State v. Herencia, 28 N.C. App. 588 (1976)

Feb. 18, 1976 · North Carolina Court of Appeals · No. 7512SC801
28 N.C. App. 588

STATE OF NORTH CAROLINA v. JULIO J. HERENCIA, JR.

No. 7512SC801

(Filed 18 February 1976)

Criminal Law § 66— in-court identification of defendant — failure to conduct voir dire — no prejudice

Defendant was not prejudiced by the trial court’s denial of his request for a voir dire on the in-court identification of defendant by his armed robbery victim where the evidence tended to show that the *589in-court identification was based on the victim’s observation at the crime scene and was not tainted by a chance meeting between defendant and the victim after commission of the crime.

Appeal by defendant from Bailey, Judge. Judgment entered 25 June 1975 in Superior Court, Cumberland County. Heard in the Court of Appeals 23 January 1976.

Defendant was tried on an indictment charging armed robbery. The State’s first witness, Cindy Charboneau, testified that she, the defendant, and another male companion went to the Yancys’ mobile home on March 2, 1975, at about 4:00 a.m., with the intent to rob the premises. Miss Charboneau stated that she knocked on the door and asked David Yancy if she could purchase an ounce of marijuana. When Yancy opened the door the defendant forced his way in. The defendant was armed and wore a mask. The Yancys were threatened and robbed of their valuables.

The Yancys testified that they recognized defendant as the man who threatened and robbed them. They further testified that defendant was the same person who visited their house about ten days prior to the robbery and inquired about a former neighbor.

The jury returned a verdict of guilty of armed robbery. From judgment imposing a prison sentence, the defendant appealed to this Court.

Attorney General Edmisten, by Senior Deputy Attorney General R. Bruce White, Jr., Assistant Attorney General Alfred N. Salley, and Assistant Attorney General Guy A. Hamlin, for the State.

John A. Decker, Assistant Public Defender, Twelfth Judicial District, for defendant appellant.

ARNOLD, Judge.

Defendant assigns error to the denial by the trial court of his motion for continuance. Such a motion is within the trial court’s discretion and the exercise of that discretion is not for review in the absence of manifest abuse of discretion. State v. Stepney, 280 N.C. 306, 185 S.E. 2d 844 (1972) ; State v. Morrison, 19 N.C. App. 717, 200 S.E. 2d 341 (1973). No abuse is shown in the denial of defendant’s motion.
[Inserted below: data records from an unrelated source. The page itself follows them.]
lemma nearly_indep_sets_at_card_sum_bounds:
  assumes "e \<in> edges V E"
  defines "n \<equiv> card V" and "\<C> \<equiv> nearly_indep_sets_at V E e"
  shows "(3 - 1 / (real n + 1 - real (delta2 V E))) * card \<C> \<le> real (\<Sum>S\<in>\<C>. card S)"
    and "real (\<Sum>S\<in>\<C>. card S) \<le> (real n + 4 - real (delta1 V E)) / 2 * card \<C>"
proof -
  obtain u v where "E u v" and e: "e = {u, v}" using assms(1) unfolding edges_def by blast
  interpret graph_edge V E u v by unfold_locales fact
  note \<delta> = delta_bounds[OF \<open>E u v\<close>] card_nbhd_Un_bounds[OF \<open>E u v\<close>]
  have W_ge: "real n - real (delta2 V E) \<le> real (card W)"
    and W_le: "real (card W) \<le> real n - real (delta1 V E)"
    using card_far_vertices \<delta> unfolding n_def by (simp_all add: of_nat_diff)
  have "1 / (real (card W) + 1) \<le> 1 / (real n + 1 - real (delta2 V E))"
    using W_ge \<delta>(4) unfolding n_def by (intro divide_left_mono) auto
  then have "(3 - 1 / (real n + 1 - real (delta2 V E))) * card \<C> \<le> (3 - 1 / (real (card W) + 1)) * card \<C>"
    by (intro mult_right_mono) auto
  then show "(3 - 1 / (real n + 1 - real (delta2 V E))) * card \<C> \<le> real (\<Sum>S\<in>\<C>. card S)"
    using class_card_sum_lower_bound unfolding \<C>_def e by linarith
  have "(real (card W) + 4) / 2 * card \<C> \<le> (real n + 4 - real (delta1 V E)) / 2 * card \<C>"
    using W_le by (intro mult_right_mono) auto
  then show "real (\<Sum>S\<in>\<C>. card S) \<le> (real n + 4 - real (delta1 V E)) / 2 * card \<C>"
    using class_card_sum_upper_bound unfolding \<C>_def e by linarith
qed

lemma edge_mem_nearly_indep_sets_at:
  assumes "e \<in> edges V E"
  shows "e \<in> nearly_indep_sets_at V E e"
proof -
  obtain u v where "E u v" and e: "e = {u, v}" using assms unfolding edges_def by blast
  interpret graph_edge V E u v by unfold_locales fact
  show ?thesis unfolding e by (rule pair_mem_class)
qed

end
*590Defendant contends that the court should have allowed his request for a voir dire on the in-court identification by Mr. Yancy. Defendant argues that since Yancy saw him between the time of the crime and the trial the in-court identification was tainted.

There is no merit in defendant’s argument. Following the robbery the Yancys were at the Fort Brag I.D. Bureau and while there they saw defendant along with Miss Charboneau. The Yancys called the M.P.s, but defendant disappeared before the M.P.s arrived.

The prior confrontation about which defendant argues was neither illegal, nor was it arranged by the police. It happened by chance, and defendant’s rights were not violated in any manner. There is no evidence of any illegal pretrial identification. See State v. Cox, 281 N.C. 275, 188 S.E. 2d 356 (1972).

The evidence from the record is clear and convincing that the in-court identification originated at the time of the robbery. It may have been better practice to have conducted a voir dire, upon defendant’s request, and to have made findings that the in-court identification was of an independent origin, but the failure to do so in this case is harmless error. State v. Stepney, supra; State v. Smith, 21 N.C. App. 426, 204 S.E. 2d 693 (1974).

Defendant’s trial was free of prejudicial error.

No error.

Chief Judge Brock and Judge Parker concur.